■ **Your instructions**: Start at the line below containing "using rank_less_at_occurrence[of n" and stop at the line containing "using a \<open>1". Repeat every line of that stretch exactly, and nothing outside it.

■ **Recorded information**:
lemma rank_sigma_comp:
  assumes f: "f permutes {1..n}" and j: "j \<in> {1..<n}" and p: "f p = j" and q: "f q = Suc j"
    and "p < q"
  shows "rank j (sigma j \<circ> f) m + (if p \<le> m \<and> m < q then 1 else 0) = rank j f m"
proof -
  define X where "X = {x \<in> {1..m}. f x \<le> j}"
  have "p \<ge> 1"
    using permutes_in_image[OF f, of p] p j by auto
  have fp: "f x = j \<longleftrightarrow> x = p" and fq: "f x = Suc j \<longleftrightarrow> x = q" for x
    using permutes_inj[OF f] p q by (metis injD)+
  have "{x \<in> {1..m}. sigma j (f x) \<le> j} = (X - {p}) \<union> ({q} \<inter> {1..m})"
  proof (rule set_eqI)
    show "x \<in> {x \<in> {1..m}. sigma j (f x) \<le> j} \<longleftrightarrow> x \<in> (X - {p}) \<union> ({q} \<inter> {1..m})" for x
      using fp[of x] fq[of x] by (auto simp: X_def sigma_le_iff_same)
  qed
  then have rank_comp: "rank j (sigma j \<circ> f) m = card ((X - {p}) \<union> ({q} \<inter> {1..m}))"
    by (simp add: rank_def)
  have rank_f: "rank j f m = card X"
    by (simp add: rank_def X_def)
  have "finite X" "q \<notin> X"
    using q by (auto simp: X_def)
  have "p \<in> X \<longleftrightarrow> p \<le> m"
    using p \<open>p \<ge> 1\<close> by (simp add: X_def)
  have card_X: "card X = Suc (card (X - {p}))" if "p \<le> m"
    using card.remove[OF \<open>finite X\<close>, of p] \<open>p \<in> X \<longleftrightarrow> p \<le> m\<close> that by simp
  show ?thesis
  proof (cases "q \<le> m")
    case True
    then show ?thesis
      using \<open>p < q\<close> \<open>finite X\<close> \<open>q \<notin> X\<close> card_X
      by (simp add: rank_comp rank_f)
  next
    case False
    then show ?thesis
      using \<open>p \<in> X \<longleftrightarrow> p \<le> m\<close> card_X by (simp add: rank_comp rank_f)
  qed
qed

lemma rank_le_min:
  assumes f: "f permutes {1..n}"
  shows "rank j f m \<le> min m j"
proof -
  let ?X = "{x \<in> {1..m}. f x \<le> j}"
  have "card ?X \<le> card {1..m}"
    by (rule card_mono) auto
  moreover have "f ` ?X \<subseteq> {1..j}"
  proof clarify
    fix x
    assume "x \<in> {1..m}" "f x \<le> j"
    moreover have "f x \<ge> 1"
      using calculation permutes_in_image[OF f, of x] permutes_not_in[OF f, of x] by fastforce
    ultimately show "f x \<in> {1..j}"
      by simp
  qed
  then have "card ?X \<le> card {1..j}"
    using permutes_inj[OF f] by (intro card_inj_on_le) (auto intro: inj_on_subset)
  ultimately show ?thesis
    by (simp add: rank_def)
qed

lemma rank_reduced_append_le:
  "reduced n (u @ v) \<Longrightarrow> rank j (word_perm (u @ v)) m \<le> rank j (word_perm v) m"
proof (induction u)
  case Nil
  then show ?case by simp
next
  case (Cons k u)
  let ?f = "word_perm (u @ v)"
  have red: "reduced n (k # u @ v)"
    using Cons.prems by simp
  have "rank j (sigma k \<circ> ?f) m \<le> rank j ?f m"
  proof (cases "k = j")
    case True
    have f: "?f permutes {1..n}" and k: "k \<in> {1..<n}"
      using red word_perm_permutes by (auto simp: reduced_def)
    obtain p q where p: "?f p = k" and q: "?f q = Suc k"
      using permutes_surj[OF f] by (metis surjD)
    show ?thesis
      using rank_sigma_comp[OF f k p q reduced_Cons(2)[OF red p q], of m] True by simp
  qed (simp add: rank_sigma_comp_other)
  then show ?case
    using Cons.IH[OF reduced_Cons(1)[OF red]] by (simp only: append_Cons word_perm_Cons)
qed

lemma rank_less_at_occurrence:
  assumes red: "reduced n (u @ j # v)" and p: "word_perm v p = j" and q: "word_perm v q = Suc j"
    and m: "p \<le> m" "m < q"
  shows "rank j (word_perm (u @ j # v)) m < min m j"
proof -
  have red': "reduced n (j # v)"
    using red by (rule reduced_append2)
  have f: "word_perm v permutes {1..n}" and j: "j \<in> {1..<n}"
    using red' word_perm_permutes by (auto simp: reduced_def)
  have "rank j (word_perm (u @ j # v)) m \<le> rank j (sigma j \<circ> word_perm v) m"
    using rank_reduced_append_le[OF red] by simp
  also have "\<dots> < rank j (word_perm v) m"
    using rank_sigma_comp[OF f j p q reduced_Cons(2)[OF red' p q], of m] m by simp
  also have "\<dots> \<le> min m j"
    using f by (rule rank_le_min)
  finally show ?thesis .
qed

lemma notin_reduced_if_le_invariant:
  assumes red: "reduced n t" and inv: "\<forall>x. word_perm t x \<le> j \<longleftrightarrow> x \<le> j"
  shows "j \<notin> set t"
proof
  assume "j \<in> set t"
  then obtain u v where t: "t = u @ j # v"
    by (meson split_list)
  have red': "reduced n (j # v)"
    using red unfolding t by (rule reduced_append2)
  have f: "word_perm v permutes {1..n}" and j: "j \<in> {1..<n}"
    using red' word_perm_permutes by (auto simp: reduced_def)
  obtain p q where p: "word_perm v p = j" and q: "word_perm v q = Suc j"
    using permutes_surj[OF f] by (metis surjD)
  have "p < q"
    using red' p q by (rule reduced_Cons(2))
  then have "rank j (word_perm t) p < min p j"
    using rank_less_at_occurrence[of n u j v p q p] red t p q by simp
  moreover have "{x \<in> {1..p}. word_perm t x \<le> j} = {1..min p j}"
  proof (rule set_eqI)
    show "x \<in> {x \<in> {1..p}. word_perm t x \<le> j} \<longleftrightarrow> x \<in> {1..min p j}" for x
      using inv[rule_format, of x] by auto
  qed
  then have "rank j (word_perm t) p = min p j"
    unfolding rank_def by simp
  ultimately show False
    by simp
qed

definition single_crossing :: "(nat \<Rightarrow> nat) \<Rightarrow> nat \<Rightarrow> nat \<Rightarrow> nat \<Rightarrow> bool" where
  "single_crossing w j a b \<longleftrightarrow>
     1 \<le> a \<and> a \<le> j \<and> j < b \<and> (\<forall>x. w x \<le> j \<longleftrightarrow> x \<le> j \<and> x \<noteq> a \<or> x = b)"

lemma single_crossingD:
  assumes "single_crossing w j a b"
  shows "1 \<le> a" "a \<le> j" "j < b" "w x \<le> j \<longleftrightarrow> x \<le> j \<and> x \<noteq> a \<or> x = b"
  using assms by (simp_all add: single_crossing_def)

lemma single_crossing_word:
  assumes v: "is_word n v" and u_j: "j \<notin> set u" and v_j: "j \<notin> set v" and "1 \<le> j"
    and a: "word_perm v a = j" and b: "word_perm v b = Suc j"
  shows "single_crossing (word_perm (u @ j # v)) j a b"
  unfolding single_crossing_def
proof (intro conjI allI)
  have "0 \<notin> set v"
    using v by (auto simp: is_word_def)
  then have "word_perm v 0 = 0"
    by (simp add: word_perm_fixed)
  then show "1 \<le> a"
    using a \<open>1 \<le> j\<close> by (cases a) auto
  show "a \<le> j" "j < b"
    using word_perm_le_iff_notin[OF v_j, of a] word_perm_le_iff_notin[OF v_j, of b] a b by auto
  fix x
  have "word_perm v x = j \<longleftrightarrow> x = a" "word_perm v x = Suc j \<longleftrightarrow> x = b"
    using inj_word_perm[of v] a b by (metis injD)+
  have "word_perm (u @ j # v) x \<le> j \<longleftrightarrow> sigma j (word_perm v x) \<le> j"
    by (simp add: word_perm_append word_perm_le_iff_notin[OF u_j])
  also have "\<dots> \<longleftrightarrow> word_perm v x < j \<or> word_perm v x = Suc j"
    by (rule sigma_le_iff_same)
  also have "\<dots> \<longleftrightarrow> x \<le> j \<and> x \<noteq> a \<or> x = b"
    using word_perm_le_iff_notin[OF v_j, of x] \<open>word_perm v x = j \<longleftrightarrow> x = a\<close>
      \<open>word_perm v x = Suc j \<longleftrightarrow> x = b\<close> \<open>a \<le> j\<close> \<open>j < b\<close> by auto
  finally show "word_perm (u @ j # v) x \<le> j \<longleftrightarrow> x \<le> j \<and> x \<noteq> a \<or> x = b" .
qed

lemma single_crossing_inv:
  assumes w: "w permutes {1..n}" and sc: "single_crossing w j a b"
  shows "single_crossing (inv w) j (w b) (w a)"
proof -
  note S = single_crossingD(4)[OF sc] and ab = single_crossingD(1-3)[OF sc]
  have "w 0 = 0"
    using w by (simp add: permutes_not_in)
  then have "w b \<noteq> 0"
    using permutes_inj[OF w] ab by (metis injD not_less_zero)
  moreover have "inv w y \<le> j \<longleftrightarrow> y \<le> j \<and> y \<noteq> w b \<or> y = w a" for y
    using S[of "inv w y"] ab permutes_inverses[OF w] by (metis leD)
  ultimately show ?thesis
    using S[of a] S[of b] ab by (auto simp: single_crossing_def)
qed

lemma rank_single_crossing:
  assumes sc: "single_crossing w j a b" and m: "m < a \<or> b \<le> m"
  shows "rank j w m = min m j"
proof -
  note S = single_crossingD(4)[OF sc] and ab = single_crossingD(1-3)[OF sc]
  show ?thesis
  proof (cases "m < a")
    case True
    then have "{x \<in> {1..m}. w x \<le> j} = {1..m}"
      using S ab by fastforce
    then show ?thesis
      using True ab by (simp add: rank_def)
  next
    case False
    then have "{x \<in> {1..m}. w x \<le> j} = insert b ({1..j} - {a})"
      using S ab m by fastforce
    then show ?thesis
      using False ab m by (simp add: rank_def)
  qed
qed

lemma occurrence_within_crossing:
  assumes red: "reduced n (u @ j # v)" and sc: "single_crossing (word_perm (u @ j # v)) j a b"
    and p: "word_perm v p = j" and q: "word_perm v q = Suc j"
  shows "a \<le> p \<and> p < q \<and> q \<le> b"
proof -
  have "p < q"
    using reduced_append2[OF red] p q by (rule reduced_Cons(2))
  have less: "rank j (word_perm (u @ j # v)) m < min m j" if "p \<le> m" "m < q" for m
    using rank_less_at_occurrence[OF red p q that] .
  have "a \<le> p"
    using less[of p] rank_single_crossing[OF sc, of p] \<open>p < q\<close> by fastforce
  moreover have "q \<le> b"
    using less[of "max p b"] rank_single_crossing[OF sc, of "max p b"] \<open>p < q\<close> by fastforce
  ultimately show ?thesis
    using \<open>p < q\<close> by simp
qed

definition unconfined_crossing :: "(nat \<Rightarrow> nat) \<Rightarrow> nat \<Rightarrow> nat \<Rightarrow> nat \<Rightarrow> bool" where
  "unconfined_crossing w i a b \<longleftrightarrow> (w a = Suc i \<or> b = Suc i) \<and> (w b = i \<or> a = i)"

lemma unconfined_crossing_inversion_eq:
  assumes inj: "inj w" and sc: "single_crossing w i a b" and uc: "unconfined_crossing w i a b"
    and pq: "a \<le> p" "p < q" "q \<le> b" and vals: "w b \<le> w q" "w q < w p" "w p \<le> w a"
  shows "p = a \<and> q = b"
proof -
  note S = single_crossingD(4)[OF sc]
  have w_eq: "w x = w y \<Longrightarrow> x = y" for x y
    using inj by (rule injD)
  consider "w a = Suc i" "w b = i" | "w a = Suc i" "a = i"
    | "b = Suc i" "w b = i" | "b = Suc i" "a = i"
    using uc by (auto simp: unconfined_crossing_def)
  then show ?thesis
  proof cases
    case 1
    then have "w p = w a" "w q = w b"
      using vals by simp_all
    then show ?thesis
      using w_eq by blast
  next
    case 2
    have "q = b"
    proof (rule ccontr)
      assume "q \<noteq> b"
      then have "i < w q"
        using S[of q] pq \<open>a = i\<close> by auto
      then show False
        using vals \<open>w a = Suc i\<close> by simp
    qed
    moreover have "p = a"
    proof (rule ccontr)
      assume "p \<noteq> a"
      then have "i < w p"
        using S[of p] pq \<open>a = i\<close> \<open>q = b\<close> by auto
      then have "w p = w a"
        using vals \<open>w a = Suc i\<close> by simp
      then show False
        using w_eq \<open>p \<noteq> a\<close> by blast
    qed
    ultimately show ?thesis
      by simp
  next
    case 3
    have "p = a"
    proof (rule ccontr)
      assume "p \<noteq> a"
      then have "w p \<le> i"
        using S[of p] pq \<open>b = Suc i\<close> by auto
      then show False
        using vals \<open>w b = i\<close> by simp
    qed
    moreover have "q = b"
    proof (rule ccontr)
      assume "q \<noteq> b"
      then have "w q \<le> i"
        using S[of q] pq \<open>b = Suc i\<close> \<open>p = a\<close> by auto
      then have "w q = w b"
        using vals \<open>w b = i\<close> by simp
      then show False
        using w_eq \<open>q \<noteq> b\<close> by blast
    qed
    ultimately show ?thesis
      by simp
  next
    case 4
    then show ?thesis
      using pq by simp
  qed
qed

■ **Written solution**:
    using rank_less_at_occurrence[of n u j v p q p] red t p q by simp
  moreover have "{x \<in> {1..p}. word_perm t x \<le> j} = {1..min p j}"
  proof (rule set_eqI)
    show "x \<in> {x \<in> {1..p}. word_perm t x \<le> j} \<longleftrightarrow> x \<in> {1..min p j}" for x
      using inv[rule_format, of x] by auto
  qed
  then have "rank j (word_perm t) p = min p j"
    unfolding rank_def by simp
  ultimately show False
    by simp
qed

definition single_crossing :: "(nat \<Rightarrow> nat) \<Rightarrow> nat \<Rightarrow> nat \<Rightarrow> nat \<Rightarrow> bool" where
  "single_crossing w j a b \<longleftrightarrow>
     1 \<le> a \<and> a \<le> j \<and> j < b \<and> (\<forall>x. w x \<le> j \<longleftrightarrow> x \<le> j \<and> x \<noteq> a \<or> x = b)"

lemma single_crossingD:
  assumes "single_crossing w j a b"
  shows "1 \<le> a" "a \<le> j" "j < b" "w x \<le> j \<longleftrightarrow> x \<le> j \<and> x \<noteq> a \<or> x = b"
  using assms by (simp_all add: single_crossing_def)

lemma single_crossing_word:
  assumes v: "is_word n v" and u_j: "j \<notin> set u" and v_j: "j \<notin> set v" and "1 \<le> j"
    and a: "word_perm v a = j" and b: "word_perm v b = Suc j"
  shows "single_crossing (word_perm (u @ j # v)) j a b"
  unfolding single_crossing_def
proof (intro conjI allI)
  have "0 \<notin> set v"
    using v by (auto simp: is_word_def)
  then have "word_perm v 0 = 0"
    by (simp add: word_perm_fixed)
  then show "1 \<le> a"
    using a \<open>1 \<le> j\<close> by (cases a) auto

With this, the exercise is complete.